**EXERCISE OBJECTIVE:** Every line from the one containing "then obtain a" to the one containing "s = u \<cdot>" in the records below, both included, must be set down exactly, and no other line.
=== Begin Enclosure ===
lemma run_labels: "run R s w t \<Longrightarrow> (\<And>a l b. R a l b \<Longrightarrow> l \<in> A) \<Longrightarrow> set w \<subseteq> A"
  by (induction rule: run.induct) auto

lemma run_restrict: "run R s w t \<Longrightarrow> set w \<subseteq> A \<Longrightarrow> run (\<lambda>a l b. R a l b \<and> l \<in> A) s w t"
  by (induction rule: run.induct) auto

lemma run_simulation:
  assumes "run R b w c" and "P b s"
    and step: "\<And>b l b' s. R b l b' \<Longrightarrow> P b s \<Longrightarrow> \<exists>s'. R' s l s' \<and> P b' s'"
  shows "\<exists>s'. run R' s w s' \<and> P c s'"
  using assms(1,2)
proof (induction arbitrary: s rule: run.induct)
  case (run_cons b l b' w c)
  obtain s' where "R' s l s'" "P b' s'" using step[OF run_cons(1,4)] by blast
  with run_cons.IH show ?case by (meson run.run_cons)
qed auto

section \<open>Transducers and closure properties of language families\<close>

text \<open>Finitely many states of an arbitrary type are renamed injectively into nat, the state
  type of the transducers in the definition of closure under rational transduction.\<close>

lemma run_transduction_in_family:
  fixes R :: "'q \<Rightarrow> 'l \<Rightarrow> 'q \<Rightarrow> bool" and inp out :: "'l \<Rightarrow> nat list"
  assumes fin: "finite {(p, l, p'). R p l p'}" and "L \<in> F" and "closed_rat_trans F"
  shows "{concat (map out ls) | ls. run R q0 ls qf \<and> concat (map inp ls) \<in> L} \<in> F"
proof -
  let ?T = "{(p, l, p'). R p l p'}"
  define A where "A = insert q0 (insert qf (fst ` ?T \<union> (\<lambda>(p, l, p'). p') ` ?T))"
  have "finite A" using fin unfolding A_def by auto
  then obtain \<phi> :: "'q \<Rightarrow> nat" where inj: "inj_on \<phi> A" by (metis finite_imp_inj_to_nat_seg)
  define \<Delta> where "\<Delta> = (\<lambda>(p, l, p'). (\<phi> p, inp l, out l, \<phi> p')) ` ?T"
  have fwd: "trans_path \<Delta> (\<phi> p) (concat (map inp ls)) (concat (map out ls)) (\<phi> q)"
    if "run R p ls q" for p ls q
    using that
  proof (induction rule: run.induct)
    case (run_cons s l s' w t)
    then have "(\<phi> s, inp l, out l, \<phi> s') \<in> \<Delta>" unfolding \<Delta>_def by force
    from tp_step[OF this run_cons(3)] show ?case by simp
  qed (simp add: tp_nil)
  have bwd: "\<exists>q ls. n = \<phi> q \<and> q \<in> A \<and> run R p ls q \<and> u = concat (map inp ls) \<and> v = concat (map out ls)"
    if "trans_path \<Delta> m u v n" "m = \<phi> p" "p \<in> A" for m p u v n
    using that
  proof (induction arbitrary: p rule: trans_path.induct)
    case (tp_nil m)
    then show ?case by (intro exI[of _ p] exI[of _ "[]"]) simp
  next
    case (tp_step m0 a b m1 u v n)
    then obtain p1 l p2 where P: "R p1 l p2" "m0 = \<phi> p1" "m1 = \<phi> p2" "a = inp l" "b = out l"
      unfolding \<Delta>_def by auto
    then have "p1 \<in> A" "p2 \<in> A" unfolding A_def by force+
    with P tp_step.prems inj have "p1 = p" by (auto dest: inj_onD)
    moreover obtain q ls where "n = \<phi> q" "q \<in> A" "run R p2 ls q"
        "u = concat (map inp ls)" "v = concat (map out ls)"
      using tp_step.IH[OF P(3) \<open>p2 \<in> A\<close>] by blast
    ultimately show ?case using P by (intro exI[of _ q] exI[of _ "l # ls"]) auto
  qed
  have A: "q0 \<in> A" "qf \<in> A" unfolding A_def by auto
  have "{concat (map out ls) | ls. run R q0 ls qf \<and> concat (map inp ls) \<in> L}
      = {v. \<exists>u\<in>L. (u, v) \<in> rational_transduction \<Delta> (\<phi> q0) {\<phi> qf}}" (is "?lhs = ?rhs")
  proof (intro set_eqI iffI)
    fix v assume "v \<in> ?lhs"
    then show "v \<in> ?rhs" unfolding rational_transduction_def using fwd by blast
  next
    fix v assume "v \<in> ?rhs"
    then obtain u where "u \<in> L" "trans_path \<Delta> (\<phi> q0) u v (\<phi> qf)"
      unfolding rational_transduction_def by blast
    then obtain q ls where "\<phi> qf = \<phi> q" "q \<in> A" "run R q0 ls q" "u = concat (map inp ls)"
        "v = concat (map out ls)"
      using bwd A(1) by blast
    moreover have "q = qf" using calculation(1,2) A(2) inj by (auto dest: inj_onD)
    ultimately show "v \<in> ?lhs" using \<open>u \<in> L\<close> by blast
  qed
  moreover have "finite \<Delta>" using fin unfolding \<Delta>_def by simp
  ultimately show ?thesis using assms(2,3) unfolding closed_rat_trans_def by simp
qed

lemma letter_transduction_in_family:
  fixes R :: "'q \<Rightarrow> 'c \<times> 'c \<Rightarrow> 'q \<Rightarrow> bool" and h :: "'c \<Rightarrow> nat"
  assumes "finite {(p, l, p'). R p l p'}" and "inj h" and "map h ` L \<in> F" and "closed_rat_trans F"
  shows "map h ` {map snd ls | ls. run R q0 ls qf \<and> map fst ls \<in> L} \<in> F"
proof -
  have eq: "concat (map (\<lambda>l. [h (g l)]) ls) = map h (map g ls)" for g :: "'c \<times> 'c \<Rightarrow> 'c" and ls
    by (induction ls) auto
  have "{concat (map (\<lambda>l. [h (snd l)]) ls) | ls.
      run R q0 ls qf \<and> concat (map (\<lambda>l. [h (fst l)]) ls) \<in> map h ` L} \<in> F"
    by (rule run_transduction_in_family[OF assms(1,3,4)])
  then have "{map h (map snd ls) | ls. run R q0 ls qf \<and> map h (map fst ls) \<in> map h ` L} \<in> F"
    unfolding eq .
  moreover have "map h (map fst ls) \<in> map h ` L \<longleftrightarrow> map fst ls \<in> L" for ls :: "('c \<times> 'c) list"
    using inj_image_mem_iff[OF inj_mapI[OF assms(2)]] .
  then have "map h ` {map snd ls | ls. run R q0 ls qf \<and> map fst ls \<in> L}
      = {map h (map snd ls) | ls. run R q0 ls qf \<and> map h (map fst ls) \<in> map h ` L}" by blast
  ultimately show ?thesis by simp
qed

lemma automaton_language_in_family:
  fixes R :: "'q \<Rightarrow> 'c \<Rightarrow> 'q \<Rightarrow> bool" and h :: "'c \<Rightarrow> nat"
  assumes "finite {(p, l, p'). R p l p'}" and "L \<in> F" and "[] \<in> L" and "closed_rat_trans F"
  shows "map h ` {w. run R q0 w qf} \<in> F"
proof -
  have eqs: "concat (map (\<lambda>l. [h l]) w) = map h w" "concat (map (\<lambda>_. []) w) = ([] :: nat list)" for w
    by (induction w) auto
  show ?thesis
    using run_transduction_in_family[OF assms(1,2,4), where inp = "\<lambda>_. []" and out = "\<lambda>l. [h l]"]
    unfolding eqs using assms(3) by (simp add: image_Collect)
qed

lemma restrict_alphabet_in_family:
  fixes h :: "'c \<Rightarrow> nat"
  assumes "inj h" and "finite A" and "map h ` L \<in> F" and "closed_rat_trans F"
  shows "map h ` {w \<in> L. set w \<subseteq> A} \<in> F"
proof -
  define R where "R = (\<lambda>(_ :: unit) (l :: 'c \<times> 'c) (_ :: unit). fst l = snd l \<and> fst l \<in> A)"
  have "{(p, l, p'). R p l p'} \<subseteq> UNIV \<times> (A \<times> A) \<times> UNIV" unfolding R_def by auto
  moreover have "finite ((UNIV :: unit set) \<times> (A \<times> A) \<times> (UNIV :: unit set))" using assms(2) by simp
  ultimately have "finite {(p, l, p'). R p l p'}" by (rule finite_subset)
  from letter_transduction_in_family[OF this assms(1,3,4), of "()" "()"]
  have "map h ` {map snd ls | ls. run R () ls () \<and> map fst ls \<in> L} \<in> F" .
  moreover have "{map snd ls | ls. run R () ls () \<and> map fst ls \<in> L} = {w \<in> L. set w \<subseteq> A}"
  proof (intro set_eqI iffI)
    have run_R: "run R () ls () \<longleftrightarrow> map snd ls = map fst ls \<and> set (map fst ls) \<subseteq> A" for ls
      unfolding R_def by (induction ls) auto
    fix w
    show "w \<in> {w \<in> L. set w \<subseteq> A}" if "w \<in> {map snd ls | ls. run R () ls () \<and> map fst ls \<in> L}"
    proof -
      from that obtain ls where ls: "w = map snd ls" "run R () ls ()" "map fst ls \<in> L" by blast
      then have "w = map fst ls" "set w \<subseteq> A" using run_R by metis+
      then show ?thesis using ls(3) by simp
    qed
    show "w \<in> {map snd ls | ls. run R () ls () \<and> map fst ls \<in> L}" if "w \<in> {w \<in> L. set w \<subseteq> A}"
      using that run_R[of "zip w w"] by (intro CollectI exI[of _ "zip w w"]) auto
  qed
  ultimately show ?thesis by simp
qed

lemma image_kleene_star: "map h ` kleene_star E = kleene_star (map h ` E)"
proof
  show "map h ` kleene_star E \<subseteq> kleene_star (map h ` E)"
    unfolding kleene_star_def by (force simp: map_concat)
next
  show "kleene_star (map h ` E) \<subseteq> map h ` kleene_star E"
  proof
    fix v assume "v \<in> kleene_star (map h ` E)"
    then obtain ws where ws: "set ws \<subseteq> map h ` E" "v = concat ws" unfolding kleene_star_def by auto
    have "ws \<in> map (map h) ` lists E" using ws(1) by (auto simp flip: lists_image)
    then obtain us where "set us \<subseteq> E" "ws = map (map h) us" by auto
    then show "v \<in> map h ` kleene_star E" unfolding kleene_star_def using ws
      by (intro image_eqI[of _ _ "concat us"]) (auto simp: map_concat)
  qed
qed

lemma Nil_in_kleene_star: "[] \<in> kleene_star E"
  unfolding kleene_star_def by (intro CollectI exI[of _ "[]"]) simp

lemma append_in_kleene_star:
  assumes "u \<in> E" "v \<in> kleene_star E" shows "u @ v \<in> kleene_star E"
proof -
  obtain ws where "set ws \<subseteq> E" "v = concat ws" using assms(2) unfolding kleene_star_def by blast
  then show ?thesis using assms(1) unfolding kleene_star_def by (intro CollectI exI[of _ "u # ws"]) auto
qed

lemma inj_enc_letter: "inj enc_letter"
proof (rule injI)
  fix a b :: "nat + nat" show "enc_letter a = enc_letter b \<Longrightarrow> a = b"
    by (cases a; cases b) (simp_all, presburger+)
qed

section \<open>Completely 0-simple semigroups\<close>

locale czs_semigroup =
  fixes S :: "'a set" and f :: "'a \<Rightarrow> 'a \<Rightarrow> 'a" (infixl "\<cdot>" 70) and z :: 'a
  assumes czs: "completely_zero_simple S f z"
begin

lemma closed [simp, intro]: "a \<in> S \<Longrightarrow> b \<in> S \<Longrightarrow> a \<cdot> b \<in> S"
  and assoc: "a \<in> S \<Longrightarrow> b \<in> S \<Longrightarrow> c \<in> S \<Longrightarrow> a \<cdot> b \<cdot> c = a \<cdot> (b \<cdot> c)"
  using czs unfolding completely_zero_simple_def semigroup_on_def by simp_all

lemma zero_in [simp, intro]: "z \<in> S"
  and zero_left [simp]: "a \<in> S \<Longrightarrow> z \<cdot> a = z"
  and zero_right [simp]: "a \<in> S \<Longrightarrow> a \<cdot> z = z"
  using czs unfolding completely_zero_simple_def is_zero_def by simp_all

lemma ideal_eq_carrier: "sg_ideal S f I \<Longrightarrow> I \<noteq> {z} \<Longrightarrow> I = S"
  and products_ne_zero: "{a \<cdot> b | a b. a \<in> S \<and> b \<in> S} \<noteq> {z}"
  and primitive_idempotent_exists: "\<exists>e. primitive_idempotent S f z e"
  using czs unfolding completely_zero_simple_def by auto

lemma factorization: assumes "s \<in> S" shows "\<exists>a\<in>S. \<exists>b\<in>S. s = a \<cdot> b"
proof -
  let ?SS = "{a \<cdot> b | a b. a \<in> S \<and> b \<in> S}"
  have "sg_ideal S f ?SS" unfolding sg_ideal_def
  proof (intro conjI ballI)
    fix t i assume "t \<in> S" "i \<in> ?SS"
    then obtain a b where "a \<in> S" "b \<in> S" "i = a \<cdot> b" by blast
    with \<open>t \<in> S\<close> have "t \<cdot> i = (t \<cdot> a) \<cdot> b" "i \<cdot> t = a \<cdot> (b \<cdot> t)" by (simp_all add: assoc)
    with \<open>t \<in> S\<close> \<open>a \<in> S\<close> \<open>b \<in> S\<close> show "t \<cdot> i \<in> ?SS" "i \<cdot> t \<in> ?SS" by blast+
  qed auto
  then have "?SS = S" using ideal_eq_carrier products_ne_zero by blast
  then show ?thesis using assms by blast
qed

lemma factor_through_nonzero:
  assumes a: "a \<in> S" "a \<noteq> z" and s: "s \<in> S"
  shows "\<exists>u\<in>S. \<exists>v\<in>S. s = u \<cdot> a \<cdot> v"
proof -
  let ?SaS = "{u \<cdot> a \<cdot> v | u v. u \<in> S \<and> v \<in> S}"
  have "?SaS \<noteq> {z}"
  proof
    assume SaS: "?SaS = {z}"
    \<comment> \<open>then a lies in the ideal of elements annihilated from both sides, which is all of S,
      so S = S S S = {z}\<close>
    let ?T = "{t \<in> S. \<forall>u\<in>S. \<forall>v\<in>S. u \<cdot> t \<cdot> v = z}"
    have "sg_ideal S f ?T" unfolding sg_ideal_def
    proof (intro conjI ballI)
      fix s t assume "s \<in> S" "t \<in> ?T"
      then show "s \<cdot> t \<in> ?T" "t \<cdot> s \<in> ?T"
        by (auto simp: assoc)
    qed auto
    moreover have "a \<in> ?T" using SaS a(1) by (auto simp: set_eq_iff)
    ultimately have T: "?T = S" using ideal_eq_carrier a(2) by blast
    have zero: "t = z" if t: "t \<in> S" for t
    proof -
      obtain p q where "p \<in> S" "q \<in> S" "t = p \<cdot> q" using factorization[OF t] by blast
      moreover obtain r w where "r \<in> S" "w \<in> S" "q = r \<cdot> w" using factorization[OF \<open>q \<in> S\<close>] by blast
      ultimately have "t = p \<cdot> r \<cdot> w" by (simp add: assoc)
      moreover have "r \<in> ?T" using T \<open>r \<in> S\<close> by (simp only:)
      ultimately show ?thesis using \<open>p \<in> S\<close> \<open>w \<in> S\<close> by simp
    qed
    have "{a \<cdot> b | a b. a \<in> S \<and> b \<in> S} \<subseteq> {z}" using zero by auto
    moreover have "z = z \<cdot> z" by simp
    then have "z \<in> {a \<cdot> b | a b. a \<in> S \<and> b \<in> S}" by blast
    ultimately show False using products_ne_zero by blast
  qed
  moreover have "sg_ideal S f ?SaS" unfolding sg_ideal_def
  proof (intro conjI ballI)
    fix t i assume "t \<in> S" "i \<in> ?SaS"
    then obtain u v where "u \<in> S" "v \<in> S" "i = u \<cdot> a \<cdot> v" by blast
    with \<open>t \<in> S\<close> a have "t \<cdot> i = (t \<cdot> u) \<cdot> a \<cdot> v" "i \<cdot> t = u \<cdot> a \<cdot> (v \<cdot> t)" by (simp_all add: assoc)
    with \<open>t \<in> S\<close> \<open>u \<in> S\<close> \<open>v \<in> S\<close> show "t \<cdot> i \<in> ?SaS" "i \<cdot> t \<in> ?SaS" by blast+
  qed (use a in auto)
  ultimately have "?SaS = S" using ideal_eq_carrier by blast
  then show ?thesis using s by blast
qed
=== End Enclosure ===
**ANSWER BOX:**
    then obtain a b where "a \<in> S" "b \<in> S" "i = a \<cdot> b" by blast
    with \<open>t \<in> S\<close> have "t \<cdot> i = (t \<cdot> a) \<cdot> b" "i \<cdot> t = a \<cdot> (b \<cdot> t)" by (simp_all add: assoc)
    with \<open>t \<in> S\<close> \<open>a \<in> S\<close> \<open>b \<in> S\<close> show "t \<cdot> i \<in> ?SS" "i \<cdot> t \<in> ?SS" by blast+
  qed auto
  then have "?SS = S" using ideal_eq_carrier products_ne_zero by blast
  then show ?thesis using assms by blast
qed

lemma factor_through_nonzero:
  assumes a: "a \<in> S" "a \<noteq> z" and s: "s \<in> S"
  shows "\<exists>u\<in>S. \<exists>v\<in>S. s = u \<cdot> a \<cdot> v"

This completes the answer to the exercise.